DATA TO PROCESS:
(* Let $H$ be a real Hilbert space, $I=\{1,\dots,M\}$, let $f_i,h_i,T_i$ ($i\in I$) satisfy Assumption (A1)–(A4) and the parameters satisfy Condition (C) (described below). Consider the sequences generated by the Distributed Accelerated Incremental Algorithm below, and assume that for each $i\in I$ the sequence $\{y^{(i)}_n\}$ is bounded. Then: (a) $\lim_{n\to\infty}\frac{\|x_{n+1}-x_n\|}{\lambda_n}=\lim_{n\to\infty}\|x_{n+1}-x_n\|=0$; (b) for every $\bar x\in S$ and $i\in I$ there exist constants $Q_1,Q_2\ge0$ such that for all $n$, $$\|w^{(i+1)}_n-\bar x\|^2\le\|w^{(i)}_n-\bar x\|^2+\theta_nQ_1+\alpha_nQ_2-(1-\alpha_n)\|T_i(y^{(i)}_n)-y^{(i)}_n\|^2-\|z^{(i)}_n-y^{(i)}_n\|^2+2\lambda_n\big(f_i(\bar x)-f_i(y^{(i)}_n)\big)+2\lambda_n\langle d^{(i)}_{n+1},y^{(i)}_n-\bar x\rangle.$$
   Context: Assumption (A1): each $f_i:H\to\mathbb{R}$ is continuous and convex. (A2): each $h_i:H\to\mathbb{R}$ is convex and Fréchet differentiable, and $\nabla h_i$ is $(1/L_i)$-Lipschitz continuous for some $L_i>0$. (A3): each $T_i:H\to H$ is firmly nonexpansive, i.e. $\|T_ix-T_iy\|^2\le\langle T_ix-T_iy,x-y\rangle$ for all $x,y$. (A4): $S=\bigcap_{i=1}^M\mathrm{Fix}\,T_i\neq\emptyset$ and, with $\psi=\sum_{i=1}^M(f_i+h_i)$, $\Omega=\{\hat x\in S:\psi(\hat x)=\min_{x\in S}\psi(x)\}\neq\emptyset$. Condition (C): $\{\theta_n\},\{\lambda_n\},\{\beta_n\},\{\alpha_n\}$ are decreasing real sequences converging to $0$ with $\theta_n\in[0,1)$, $\lambda_n\in(0,2\min_{i\in I}L_i]$, $\beta_n\in(0,1]$, $\alpha_n\in(0,1]$, and: (C1) $\sum_n\alpha_n=\infty$; (C2) $\lim_n\frac{1}{\alpha_{n+1}}\big|\frac{1}{\lambda_{n+1}}-\frac{1}{\lambda_n}\big|=0$; (C3) $\lim_n\frac{1}{\lambda_{n+1}}\big|1-\frac{\alpha_n}{\alpha_{n+1}}\big|=0$; (C4) $\lim_n\frac{\alpha_n}{\lambda_n}=0$; (C5) $\lim_n\frac{\theta_n}{\alpha_{n+1}\lambda_{n+1}}=0$; (C6) $\frac{\lambda_n}{\lambda_{n+1}}\le\sigma$ for some $\sigma\ge1$; (C7) $\lim_n\frac{\beta_n}{\alpha_{n+1}}=0$. $\mathrm{prox}_{\lambda g}(x)=\arg\min_y\{g(y)+\frac{1}{2\lambda}\|x-y\|^2\}$. Distributed Accelerated Incremental Algorithm: choose $x_1\in H$, $w^{(i)}_0,z^{(i)}_0,u^{(i)}\in H$ and set $d^{(i)}_1=-\nabla h_i(z^{(i)}_0)$ ($i\in I$). For $n=1,2,\dots$: set $w^{(1)}_n=x_n$; for $i=1,\dots,M$ compute $z^{(i)}_n=w^{(i)}_n+\theta_n(w^{(i)}_n-w^{(i)}_{n-1})$, $d^{(i)}_{n+1}=-\nabla h_i(z^{(i)}_n)+\beta_nd^{(i)}_n$, $y^{(i)}_n=\mathrm{prox}_{\lambda_nf_i}(z^{(i)}_n+\lambda_nd^{(i)}_{n+1})$, $w^{(i+1)}_n=\alpha_nu^{(i)}+(1-\alpha_n)T_i(y^{(i)}_n)$; then set $x_{n+1}=w^{(M+1)}_n$. *)

theory Defs
  imports "HOL-Analysis.Analysis"
begin

text \<open>Proximal operator: prox_{lam g}(x) = argmin_y { g y + 1/(2 lam) ||x - y||^2 }.
  For g convex continuous and lam > 0 the minimiser exists and is unique.\<close>
definition prox :: "real \<Rightarrow> ('a::real_normed_vector \<Rightarrow> real) \<Rightarrow> 'a \<Rightarrow> 'a" where
  "prox lam g x = (SOME y. \<forall>v. g y + (1 / (2 * lam)) * (norm (x - y))\<^sup>2
                              \<le> g v + (1 / (2 * lam)) * (norm (x - v))\<^sup>2)"

definition firmly_nonexpansive :: "('a::real_inner \<Rightarrow> 'a) \<Rightarrow> bool" where
  "firmly_nonexpansive T \<longleftrightarrow> (\<forall>x y. (norm (T x - T y))\<^sup>2 \<le> inner (T x - T y) (x - y))"

definition Fix :: "('a \<Rightarrow> 'a) \<Rightarrow> 'a set" where
  "Fix T = {x. T x = x}"

end

theory Submission
  imports Defs
begin

text \<open>
  Part (b) adds up three one-step estimates: for a fixed point q of the firmly nonexpansive
  T_i, the anchored step w_{i+1} = \<alpha> u_i + (1 - \<alpha>) T_i y gains the term
  -(1 - \<alpha>) |T_i y - y|^2; the proximal step y = prox (z + \<lambda> d) satisfies a three-point
  inequality; and the inertial extrapolation z = w + \<theta> (w - w_prev) costs O(\<theta>), since the
  boundedness of y propagates through the update formulas to all iterates.

  For part (a), T_i and the gradient step v - \<lambda> \<nabla>h_i(v) are nonexpansive (the latter by
  Baillon--Haddad), and prox moves by at most |a - a'| + |\<lambda>'/\<lambda> - 1| |a - prox a| when its
  argument and step size change. Hence the increments of every inner step contract by the
  factor 1 - \<alpha>_{n+1} up to a perturbation; chaining the M inner steps and dividing by
  \<lambda>_{n+1} gives c_{n+1} \<le> (1 - \<alpha>_{n+1}) c_n + \<alpha>_{n+1} r_n for c_n = |x_{n+1} - x_n| / \<lambda>_n,
  where (C2)--(C7) force r_n \<longrightarrow> 0. As \<Sum> \<alpha>_n = \<infinity>, Xu's lemma yields c_n \<longrightarrow> 0,
  and then |x_{n+1} - x_n| = \<lambda>_n c_n \<longrightarrow> 0.
\<close>

section \<open>Inner product identities and firmly nonexpansive maps\<close>

lemma norm_add_scaleR_square:
  fixes X Y :: "'a::real_inner"
  shows "(norm (X + t *\<^sub>R Y))\<^sup>2 = (norm X)\<^sup>2 + 2 * t * inner X Y + t\<^sup>2 * (norm Y)\<^sup>2"
  unfolding power2_norm_eq_inner
  by (simp add: inner_add_left inner_add_right inner_commute power2_eq_square algebra_simps)

lemma norm_convex_comb_square:
  fixes X Y :: "'a::real_inner"
  shows "(norm (a *\<^sub>R X + (1 - a) *\<^sub>R Y))\<^sup>2
    = a * (norm X)\<^sup>2 + (1 - a) * (norm Y)\<^sup>2 - a * (1 - a) * (norm (X - Y))\<^sup>2"
  unfolding power2_norm_eq_inner
  by (simp add: inner_add_left inner_add_right inner_diff_left inner_diff_right inner_commute
      power2_eq_square algebra_simps)

lemma firmly_nonexpansive_imp_nonexpansive:
  assumes "firmly_nonexpansive T"
  shows "norm (T p - T q) \<le> norm (p - q)"
proof -
  have "(norm (T p - T q))\<^sup>2 \<le> inner (T p - T q) (p - q)"
    using assms unfolding firmly_nonexpansive_def by blast
  also have "\<dots> \<le> norm (T p - T q) * norm (p - q)"
    by (rule norm_cauchy_schwarz)
  finally show ?thesis
    by (metis mult_le_cancel_left norm_ge_zero order_le_less power2_eq_square)
qed

lemma firmly_nonexpansive_fixpoint_ineq:
  assumes "firmly_nonexpansive T" "T q = q"
  shows "(norm (T p - q))\<^sup>2 \<le> (norm (p - q))\<^sup>2 - (norm (T p - p))\<^sup>2"
proof -
  have "(norm (T p - q))\<^sup>2 \<le> inner (T p - q) (p - q)"
    using assms unfolding firmly_nonexpansive_def by metis
  moreover have "T p - p = (T p - q) - (p - q)"
    by simp
  then have "(norm (T p - p))\<^sup>2 = (norm (T p - q))\<^sup>2 - 2 * inner (T p - q) (p - q) + (norm (p - q))\<^sup>2"
    by (simp only: power2_norm_eq_inner inner_diff_left inner_diff_right inner_commute) simp
  ultimately show ?thesis
    by linarith
qed

section \<open>Proximal maps\<close>

lemma convex_continuous_lower_bound:
  fixes f :: "'a::real_normed_vector \<Rightarrow> real"
  assumes cont: "continuous_on UNIV f" and conv: "convex_on UNIV f"
  obtains r where "r > 0" "\<And>v. f a - 1 - norm (v - a) / r \<le> f v"
proof -
  have "isCont f a"
    using cont continuous_on_eq_continuous_at by blast
  then obtain r where r: "r > 0" "\<And>v. norm (v - a) \<le> r \<Longrightarrow> \<bar>f v - f a\<bar> < 1"
    unfolding continuous_at_real_range by (meson dense zero_less_one le_less_trans)
  have "f a - 1 - norm (v - a) / r \<le> f v" for v
  proof (cases "norm (v - a) \<le> r")
    case True
    with r show ?thesis
      by (smt (verit) divide_nonneg_pos norm_ge_zero)
  next
    case False
    then have far: "0 < r" "r < norm (v - a)"
      using r by auto
    define t where "t = r / norm (v - a)"
    have t: "0 < t" "t < 1"
      using far by (auto simp: t_def divide_less_eq intro!: divide_pos_pos)
    have "v \<noteq> a"
      using far by force
    moreover have "((1 - t) *\<^sub>R a + t *\<^sub>R v) - a = t *\<^sub>R (v - a)"
      by (simp add: algebra_simps)
    ultimately have "norm (((1 - t) *\<^sub>R a + t *\<^sub>R v) - a) = r"
      using far by (simp add: t_def)
    then have "f a - 1 < f ((1 - t) *\<^sub>R a + t *\<^sub>R v)"
      using r by fastforce
    also have "\<dots> \<le> (1 - t) * f a + t * f v"
      using convex_onD[OF conv, of t a v] t by simp
    finally have "f a - 1 / t < f v"
      using t by (simp add: field_simps)
    moreover have "1 / t = norm (v - a) / r"
      by (simp add: t_def)
    ultimately show ?thesis
      using r by (smt (verit) divide_nonneg_pos norm_ge_zero)
  qed
  with r that show ?thesis
    by blast
qed

lemma prox_objective_midpoint:
  fixes f :: "'a::real_inner \<Rightarrow> real"
  assumes conv: "convex_on UNIV f"
  shows "f ((1/2) *\<^sub>R (p + q)) + c * (norm (a - (1/2) *\<^sub>R (p + q)))\<^sup>2
    \<le> (f p + c * (norm (a - p))\<^sup>2) / 2 + (f q + c * (norm (a - q))\<^sup>2) / 2 - c / 4 * (norm (p - q))\<^sup>2"
proof -
  have "f ((1/2) *\<^sub>R (p + q)) \<le> f p / 2 + f q / 2"
    using convex_onD[OF conv, of "1/2" p q] by (simp add: scaleR_add_right)
  moreover have "a - (1/2) *\<^sub>R (p + q) = (1/2) *\<^sub>R (a - p) + (1 - 1/2) *\<^sub>R (a - q)"
    by (simp add: algebra_simps flip: scaleR_add_right)
  then have mid: "(norm (a - (1/2) *\<^sub>R (p + q)))\<^sup>2
      = (norm (a - p))\<^sup>2 / 2 + (norm (a - q))\<^sup>2 / 2 - (norm (p - q))\<^sup>2 / 4"
    using norm_convex_comb_square[of "1/2" "a - p" "a - q"] by (simp add: norm_minus_commute)
  have "c * (norm (a - (1/2) *\<^sub>R (p + q)))\<^sup>2
      = c * (norm (a - p))\<^sup>2 / 2 + c * (norm (a - q))\<^sup>2 / 2 - c / 4 * (norm (p - q))\<^sup>2"
    unfolding mid by (simp add: algebra_simps)
  ultimately show ?thesis
    by (simp add: field_simps)
qed

lemma strongly_midpoint_convex_attains_min:
  fixes g :: "'a::{real_normed_vector,complete_space} \<Rightarrow> real"
  assumes cont: "continuous_on UNIV g" and bdd: "bdd_below (range g)" and c: "c > 0"
    and mid: "\<And>p q. g ((1/2) *\<^sub>R (p + q)) \<le> g p / 2 + g q / 2 - c * (norm (p - q))\<^sup>2"
  obtains y where "\<And>v. g y \<le> g v"
proof -
  define m where "m = Inf (range g)"
  have m: "m \<le> g v" for v
    unfolding m_def using bdd by (simp add: cInf_lower)
  define \<epsilon> where "\<epsilon> k = 1 / (real k + 1)" for k :: nat
  have "\<exists>v. g v < m + \<epsilon> k" for k
    using cInf_lessD[of "range g" "m + \<epsilon> k"] by (auto simp: m_def \<epsilon>_def)
  then obtain vs where vs: "\<And>k. g (vs k) < m + \<epsilon> k"
    by metis
  have vs_close: "c * (norm (vs j - vs k))\<^sup>2 < \<epsilon> j / 2 + \<epsilon> k / 2" for j k
    using mid[of "vs j" "vs k"] m[of "(1/2) *\<^sub>R (vs j + vs k)"] vs[of j] vs[of k] by linarith
  have "Cauchy vs"
  proof (rule CauchyI)
    fix e :: real
    assume e: "e > 0"
    then obtain N where N: "inverse (real (Suc N)) < c * e\<^sup>2"
      using reals_Archimedean c by (metis mult_pos_pos zero_less_power)
    have "norm (vs j - vs k) < e" if "N \<le> j" "N \<le> k" for j k
    proof -
      have "\<epsilon> j \<le> inverse (real (Suc N))" "\<epsilon> k \<le> inverse (real (Suc N))"
        using that by (simp_all add: \<epsilon>_def field_simps)
      then have "c * (norm (vs j - vs k))\<^sup>2 < c * e\<^sup>2"
        using vs_close[of j k] N by linarith
      then show ?thesis
        using c e by (simp add: power_less_imp_less_base)
    qed
    then show "\<exists>M. \<forall>j\<ge>M. \<forall>k\<ge>M. norm (vs j - vs k) < e"
      by blast
  qed
  then obtain y where y: "vs \<longlonglongrightarrow> y"
    using Cauchy_convergent convergent_def by blast
  have "isCont g y"
    using cont by (simp add: continuous_on_eq_continuous_at)
  then have "(\<lambda>k. g (vs k)) \<longlonglongrightarrow> g y"
    using y by (rule isCont_tendsto_compose)
  moreover have "(\<lambda>k. m + \<epsilon> k) \<longlonglongrightarrow> m"
    using tendsto_add[OF tendsto_const LIMSEQ_inverse_real_of_nat, of m]
    by (simp add: \<epsilon>_def inverse_eq_divide add.commute)
  ultimately have "g y \<le> m"
    using vs by (intro LIMSEQ_le) (auto intro: less_imp_le)
  with m that show ?thesis
    by (meson order_trans)
qed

EXERCISE: Only lines containing the string "rule" are needed. Pull each of them out of the records above.

SOLUTION TO THE PROBLEM:
    by (rule norm_cauchy_schwarz)
  proof (rule CauchyI)
    using y by (rule isCont_tendsto_compose)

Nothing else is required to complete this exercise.